**Your assignment**
Copy every line of the entries that has the string "obtains" in it.

(Recorded information begins)

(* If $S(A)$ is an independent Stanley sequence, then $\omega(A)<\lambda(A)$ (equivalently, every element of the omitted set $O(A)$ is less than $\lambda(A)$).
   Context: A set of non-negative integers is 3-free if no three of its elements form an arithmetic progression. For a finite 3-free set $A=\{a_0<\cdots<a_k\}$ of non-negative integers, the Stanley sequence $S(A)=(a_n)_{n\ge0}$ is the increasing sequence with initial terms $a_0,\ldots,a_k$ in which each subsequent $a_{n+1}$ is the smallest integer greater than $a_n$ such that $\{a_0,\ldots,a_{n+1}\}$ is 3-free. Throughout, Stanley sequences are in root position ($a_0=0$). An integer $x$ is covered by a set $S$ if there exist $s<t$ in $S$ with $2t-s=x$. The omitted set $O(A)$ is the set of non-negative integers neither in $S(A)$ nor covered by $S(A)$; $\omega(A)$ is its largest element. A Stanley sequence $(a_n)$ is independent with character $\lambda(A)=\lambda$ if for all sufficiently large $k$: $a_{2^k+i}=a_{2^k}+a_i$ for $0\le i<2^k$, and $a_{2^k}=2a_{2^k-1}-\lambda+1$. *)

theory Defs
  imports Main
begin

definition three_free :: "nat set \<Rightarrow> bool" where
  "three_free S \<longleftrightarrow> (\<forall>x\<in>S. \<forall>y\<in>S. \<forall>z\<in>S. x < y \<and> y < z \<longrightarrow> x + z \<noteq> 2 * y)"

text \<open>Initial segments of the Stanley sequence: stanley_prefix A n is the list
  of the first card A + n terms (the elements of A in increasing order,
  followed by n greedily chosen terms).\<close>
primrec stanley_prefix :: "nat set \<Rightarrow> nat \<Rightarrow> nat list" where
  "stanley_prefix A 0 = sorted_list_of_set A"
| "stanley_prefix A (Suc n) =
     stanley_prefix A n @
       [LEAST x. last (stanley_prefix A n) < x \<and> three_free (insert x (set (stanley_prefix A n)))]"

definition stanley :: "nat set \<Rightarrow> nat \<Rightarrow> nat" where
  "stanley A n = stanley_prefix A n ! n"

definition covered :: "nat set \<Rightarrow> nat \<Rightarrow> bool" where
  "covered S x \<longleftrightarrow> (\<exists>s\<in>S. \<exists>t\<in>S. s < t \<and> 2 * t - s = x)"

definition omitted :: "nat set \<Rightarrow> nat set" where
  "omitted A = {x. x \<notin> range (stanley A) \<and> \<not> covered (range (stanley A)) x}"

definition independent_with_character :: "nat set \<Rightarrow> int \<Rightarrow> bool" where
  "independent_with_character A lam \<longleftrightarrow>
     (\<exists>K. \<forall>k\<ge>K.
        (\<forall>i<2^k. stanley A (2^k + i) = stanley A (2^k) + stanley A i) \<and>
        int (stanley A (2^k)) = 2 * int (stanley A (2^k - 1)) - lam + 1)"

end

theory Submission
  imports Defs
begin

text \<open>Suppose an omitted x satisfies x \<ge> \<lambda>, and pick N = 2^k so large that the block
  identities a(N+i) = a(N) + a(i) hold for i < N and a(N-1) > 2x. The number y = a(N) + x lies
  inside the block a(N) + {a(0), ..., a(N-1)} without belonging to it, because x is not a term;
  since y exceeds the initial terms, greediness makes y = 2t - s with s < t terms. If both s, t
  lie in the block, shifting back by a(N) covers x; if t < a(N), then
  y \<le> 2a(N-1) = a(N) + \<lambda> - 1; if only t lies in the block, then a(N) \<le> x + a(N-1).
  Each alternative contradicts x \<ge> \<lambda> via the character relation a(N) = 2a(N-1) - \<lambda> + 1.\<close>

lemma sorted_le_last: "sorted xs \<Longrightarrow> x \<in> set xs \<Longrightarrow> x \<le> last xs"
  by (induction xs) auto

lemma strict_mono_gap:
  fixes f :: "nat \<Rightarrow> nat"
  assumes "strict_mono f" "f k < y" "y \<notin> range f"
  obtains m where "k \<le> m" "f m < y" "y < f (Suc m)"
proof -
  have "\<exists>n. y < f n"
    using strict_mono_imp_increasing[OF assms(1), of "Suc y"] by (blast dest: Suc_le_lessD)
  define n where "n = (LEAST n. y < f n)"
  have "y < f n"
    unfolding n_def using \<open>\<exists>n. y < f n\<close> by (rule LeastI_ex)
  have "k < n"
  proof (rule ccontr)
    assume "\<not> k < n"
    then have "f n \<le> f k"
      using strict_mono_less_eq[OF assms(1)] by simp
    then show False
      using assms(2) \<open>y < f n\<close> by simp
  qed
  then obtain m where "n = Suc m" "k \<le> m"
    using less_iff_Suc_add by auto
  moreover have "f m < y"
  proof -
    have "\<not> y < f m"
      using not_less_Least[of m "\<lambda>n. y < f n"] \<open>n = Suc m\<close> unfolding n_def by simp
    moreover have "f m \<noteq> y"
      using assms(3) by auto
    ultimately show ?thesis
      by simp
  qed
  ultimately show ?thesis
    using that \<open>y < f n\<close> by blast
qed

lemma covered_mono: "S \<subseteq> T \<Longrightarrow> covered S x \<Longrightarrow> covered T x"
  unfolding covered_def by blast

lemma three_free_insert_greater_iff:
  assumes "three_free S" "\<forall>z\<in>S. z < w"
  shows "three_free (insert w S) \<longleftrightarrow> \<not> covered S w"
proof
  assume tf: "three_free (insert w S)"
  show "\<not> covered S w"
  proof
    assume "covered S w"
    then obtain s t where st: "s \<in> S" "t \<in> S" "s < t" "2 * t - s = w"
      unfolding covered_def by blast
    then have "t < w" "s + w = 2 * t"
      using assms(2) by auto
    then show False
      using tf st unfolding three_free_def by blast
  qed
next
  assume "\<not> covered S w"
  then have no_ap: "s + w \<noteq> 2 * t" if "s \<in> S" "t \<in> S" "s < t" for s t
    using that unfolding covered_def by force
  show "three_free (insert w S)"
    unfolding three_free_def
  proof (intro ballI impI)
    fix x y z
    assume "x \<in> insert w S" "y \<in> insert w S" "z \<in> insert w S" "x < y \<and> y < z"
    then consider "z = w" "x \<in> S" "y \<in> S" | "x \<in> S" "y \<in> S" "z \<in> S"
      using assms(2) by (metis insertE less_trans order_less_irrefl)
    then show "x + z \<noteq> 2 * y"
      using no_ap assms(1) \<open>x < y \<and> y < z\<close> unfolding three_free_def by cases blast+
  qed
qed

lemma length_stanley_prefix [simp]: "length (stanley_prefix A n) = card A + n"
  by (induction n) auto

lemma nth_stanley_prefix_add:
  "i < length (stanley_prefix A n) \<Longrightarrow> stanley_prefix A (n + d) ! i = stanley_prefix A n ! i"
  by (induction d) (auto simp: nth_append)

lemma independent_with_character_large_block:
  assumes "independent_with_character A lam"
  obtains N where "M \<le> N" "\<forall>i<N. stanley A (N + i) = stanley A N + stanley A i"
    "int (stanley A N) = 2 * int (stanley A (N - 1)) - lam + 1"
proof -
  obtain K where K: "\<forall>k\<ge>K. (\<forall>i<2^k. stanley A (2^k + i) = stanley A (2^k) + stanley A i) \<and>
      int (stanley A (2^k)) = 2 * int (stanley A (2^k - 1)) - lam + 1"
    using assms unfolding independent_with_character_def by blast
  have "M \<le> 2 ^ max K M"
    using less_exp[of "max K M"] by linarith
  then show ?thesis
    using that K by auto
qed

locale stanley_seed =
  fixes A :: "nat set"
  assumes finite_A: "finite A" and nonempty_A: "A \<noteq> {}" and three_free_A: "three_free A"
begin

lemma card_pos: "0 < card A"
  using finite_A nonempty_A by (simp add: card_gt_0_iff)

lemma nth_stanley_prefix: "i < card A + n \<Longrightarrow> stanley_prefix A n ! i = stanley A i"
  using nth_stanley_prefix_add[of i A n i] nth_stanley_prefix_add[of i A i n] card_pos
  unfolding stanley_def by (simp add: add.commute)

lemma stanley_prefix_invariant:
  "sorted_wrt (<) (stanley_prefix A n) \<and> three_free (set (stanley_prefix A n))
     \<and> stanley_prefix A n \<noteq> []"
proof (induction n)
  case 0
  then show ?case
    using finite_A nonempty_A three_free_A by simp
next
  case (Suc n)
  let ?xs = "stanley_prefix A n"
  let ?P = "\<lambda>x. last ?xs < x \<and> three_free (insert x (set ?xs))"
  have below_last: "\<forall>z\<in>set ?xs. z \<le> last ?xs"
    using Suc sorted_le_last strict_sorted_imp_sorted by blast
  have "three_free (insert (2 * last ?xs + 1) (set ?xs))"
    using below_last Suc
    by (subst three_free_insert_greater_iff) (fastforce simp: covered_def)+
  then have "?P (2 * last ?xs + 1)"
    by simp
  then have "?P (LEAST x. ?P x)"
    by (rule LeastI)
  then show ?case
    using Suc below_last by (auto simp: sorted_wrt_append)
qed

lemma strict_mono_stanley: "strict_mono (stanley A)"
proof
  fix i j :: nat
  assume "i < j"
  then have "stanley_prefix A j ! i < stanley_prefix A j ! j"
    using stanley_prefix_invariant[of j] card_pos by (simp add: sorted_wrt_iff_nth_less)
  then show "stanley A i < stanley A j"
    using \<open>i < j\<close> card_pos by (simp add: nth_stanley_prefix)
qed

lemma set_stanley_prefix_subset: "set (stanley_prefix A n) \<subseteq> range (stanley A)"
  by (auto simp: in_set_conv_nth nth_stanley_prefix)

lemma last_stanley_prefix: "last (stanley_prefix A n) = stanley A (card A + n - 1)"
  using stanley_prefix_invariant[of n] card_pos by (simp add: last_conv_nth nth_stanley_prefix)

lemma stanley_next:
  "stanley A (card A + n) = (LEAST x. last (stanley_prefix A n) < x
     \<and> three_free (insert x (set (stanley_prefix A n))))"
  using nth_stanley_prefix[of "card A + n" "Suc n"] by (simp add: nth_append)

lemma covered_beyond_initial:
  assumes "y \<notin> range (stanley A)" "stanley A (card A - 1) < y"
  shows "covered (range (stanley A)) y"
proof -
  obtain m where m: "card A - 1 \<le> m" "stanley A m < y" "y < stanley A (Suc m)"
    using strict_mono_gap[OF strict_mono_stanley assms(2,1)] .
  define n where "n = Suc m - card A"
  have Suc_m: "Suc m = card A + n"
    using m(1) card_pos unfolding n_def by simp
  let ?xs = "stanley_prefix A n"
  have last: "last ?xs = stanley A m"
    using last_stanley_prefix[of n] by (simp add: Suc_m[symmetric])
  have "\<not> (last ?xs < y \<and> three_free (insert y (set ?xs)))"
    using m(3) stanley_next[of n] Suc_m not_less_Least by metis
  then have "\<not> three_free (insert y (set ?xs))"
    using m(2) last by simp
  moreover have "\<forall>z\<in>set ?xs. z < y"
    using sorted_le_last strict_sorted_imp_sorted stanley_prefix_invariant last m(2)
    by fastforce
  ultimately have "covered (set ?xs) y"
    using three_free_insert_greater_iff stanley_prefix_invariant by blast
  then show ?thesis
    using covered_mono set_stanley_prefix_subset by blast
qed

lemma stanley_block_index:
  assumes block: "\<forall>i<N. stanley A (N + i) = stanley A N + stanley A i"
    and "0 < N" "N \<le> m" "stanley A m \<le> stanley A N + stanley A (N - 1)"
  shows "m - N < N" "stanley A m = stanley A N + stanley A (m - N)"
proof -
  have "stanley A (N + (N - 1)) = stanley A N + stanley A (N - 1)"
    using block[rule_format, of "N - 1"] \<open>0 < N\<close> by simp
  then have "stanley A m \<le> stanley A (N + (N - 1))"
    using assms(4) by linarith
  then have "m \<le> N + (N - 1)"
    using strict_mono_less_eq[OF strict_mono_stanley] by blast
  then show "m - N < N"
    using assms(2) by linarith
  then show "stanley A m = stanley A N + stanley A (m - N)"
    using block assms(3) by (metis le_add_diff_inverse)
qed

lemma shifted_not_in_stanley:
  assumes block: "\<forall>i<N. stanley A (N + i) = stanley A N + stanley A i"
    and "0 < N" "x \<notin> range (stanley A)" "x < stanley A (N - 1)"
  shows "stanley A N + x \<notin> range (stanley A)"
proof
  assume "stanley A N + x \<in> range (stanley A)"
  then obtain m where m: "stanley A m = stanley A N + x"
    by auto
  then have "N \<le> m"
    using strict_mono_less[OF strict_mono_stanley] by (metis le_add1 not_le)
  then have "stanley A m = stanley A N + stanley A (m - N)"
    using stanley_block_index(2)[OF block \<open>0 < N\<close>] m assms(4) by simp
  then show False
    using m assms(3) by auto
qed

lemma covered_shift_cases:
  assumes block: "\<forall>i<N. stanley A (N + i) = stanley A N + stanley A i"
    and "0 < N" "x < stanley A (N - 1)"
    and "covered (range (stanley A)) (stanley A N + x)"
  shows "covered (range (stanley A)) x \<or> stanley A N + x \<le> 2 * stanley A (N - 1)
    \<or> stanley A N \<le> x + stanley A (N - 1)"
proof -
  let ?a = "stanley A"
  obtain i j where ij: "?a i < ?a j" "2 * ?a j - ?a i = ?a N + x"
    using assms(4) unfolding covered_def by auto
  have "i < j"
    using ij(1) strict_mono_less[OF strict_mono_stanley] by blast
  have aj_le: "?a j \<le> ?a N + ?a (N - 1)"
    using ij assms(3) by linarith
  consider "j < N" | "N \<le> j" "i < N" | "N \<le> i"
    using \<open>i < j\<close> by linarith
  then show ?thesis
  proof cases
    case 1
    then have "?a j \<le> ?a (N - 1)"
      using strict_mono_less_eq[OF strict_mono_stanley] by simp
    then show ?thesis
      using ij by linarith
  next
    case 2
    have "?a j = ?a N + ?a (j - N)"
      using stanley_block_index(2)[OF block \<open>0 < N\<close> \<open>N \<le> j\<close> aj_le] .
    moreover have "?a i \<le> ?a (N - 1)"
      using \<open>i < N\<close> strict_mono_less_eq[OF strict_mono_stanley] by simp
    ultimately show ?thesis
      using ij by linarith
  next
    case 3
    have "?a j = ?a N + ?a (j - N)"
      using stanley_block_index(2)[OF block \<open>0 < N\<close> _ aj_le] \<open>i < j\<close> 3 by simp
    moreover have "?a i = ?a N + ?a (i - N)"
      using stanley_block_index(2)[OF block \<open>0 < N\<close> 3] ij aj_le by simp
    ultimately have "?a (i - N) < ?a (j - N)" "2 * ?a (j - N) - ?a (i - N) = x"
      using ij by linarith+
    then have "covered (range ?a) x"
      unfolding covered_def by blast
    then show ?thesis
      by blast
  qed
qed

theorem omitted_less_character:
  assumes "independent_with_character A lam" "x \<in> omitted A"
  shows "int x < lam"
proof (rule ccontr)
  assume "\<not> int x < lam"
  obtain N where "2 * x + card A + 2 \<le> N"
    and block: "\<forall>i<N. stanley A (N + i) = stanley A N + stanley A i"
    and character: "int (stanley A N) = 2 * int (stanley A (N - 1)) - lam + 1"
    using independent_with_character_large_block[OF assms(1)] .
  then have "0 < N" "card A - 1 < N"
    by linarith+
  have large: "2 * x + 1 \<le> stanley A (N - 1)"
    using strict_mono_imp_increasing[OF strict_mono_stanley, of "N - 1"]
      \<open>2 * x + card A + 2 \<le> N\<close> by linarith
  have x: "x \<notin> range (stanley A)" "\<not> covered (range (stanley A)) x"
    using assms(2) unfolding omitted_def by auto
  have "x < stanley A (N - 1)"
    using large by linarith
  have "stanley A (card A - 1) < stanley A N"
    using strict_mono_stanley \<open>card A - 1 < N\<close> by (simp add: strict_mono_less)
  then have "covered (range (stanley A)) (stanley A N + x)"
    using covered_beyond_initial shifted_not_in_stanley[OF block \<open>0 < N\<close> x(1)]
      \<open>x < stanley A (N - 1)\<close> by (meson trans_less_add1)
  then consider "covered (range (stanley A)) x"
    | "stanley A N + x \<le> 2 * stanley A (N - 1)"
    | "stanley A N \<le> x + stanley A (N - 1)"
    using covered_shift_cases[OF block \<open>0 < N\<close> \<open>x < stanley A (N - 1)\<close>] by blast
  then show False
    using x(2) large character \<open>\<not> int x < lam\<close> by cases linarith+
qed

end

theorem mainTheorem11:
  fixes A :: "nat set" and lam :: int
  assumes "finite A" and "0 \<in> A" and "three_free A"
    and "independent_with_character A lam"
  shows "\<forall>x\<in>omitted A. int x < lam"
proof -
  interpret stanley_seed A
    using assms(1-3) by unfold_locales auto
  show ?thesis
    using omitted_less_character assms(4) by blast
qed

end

(Recorded information ends)

**Written response**
  obtains m where "k \<le> m" "f m < y" "y < f (Suc m)"
  obtains N where "M \<le> N" "\<forall>i<N. stanley A (N + i) = stanley A N + stanley A i"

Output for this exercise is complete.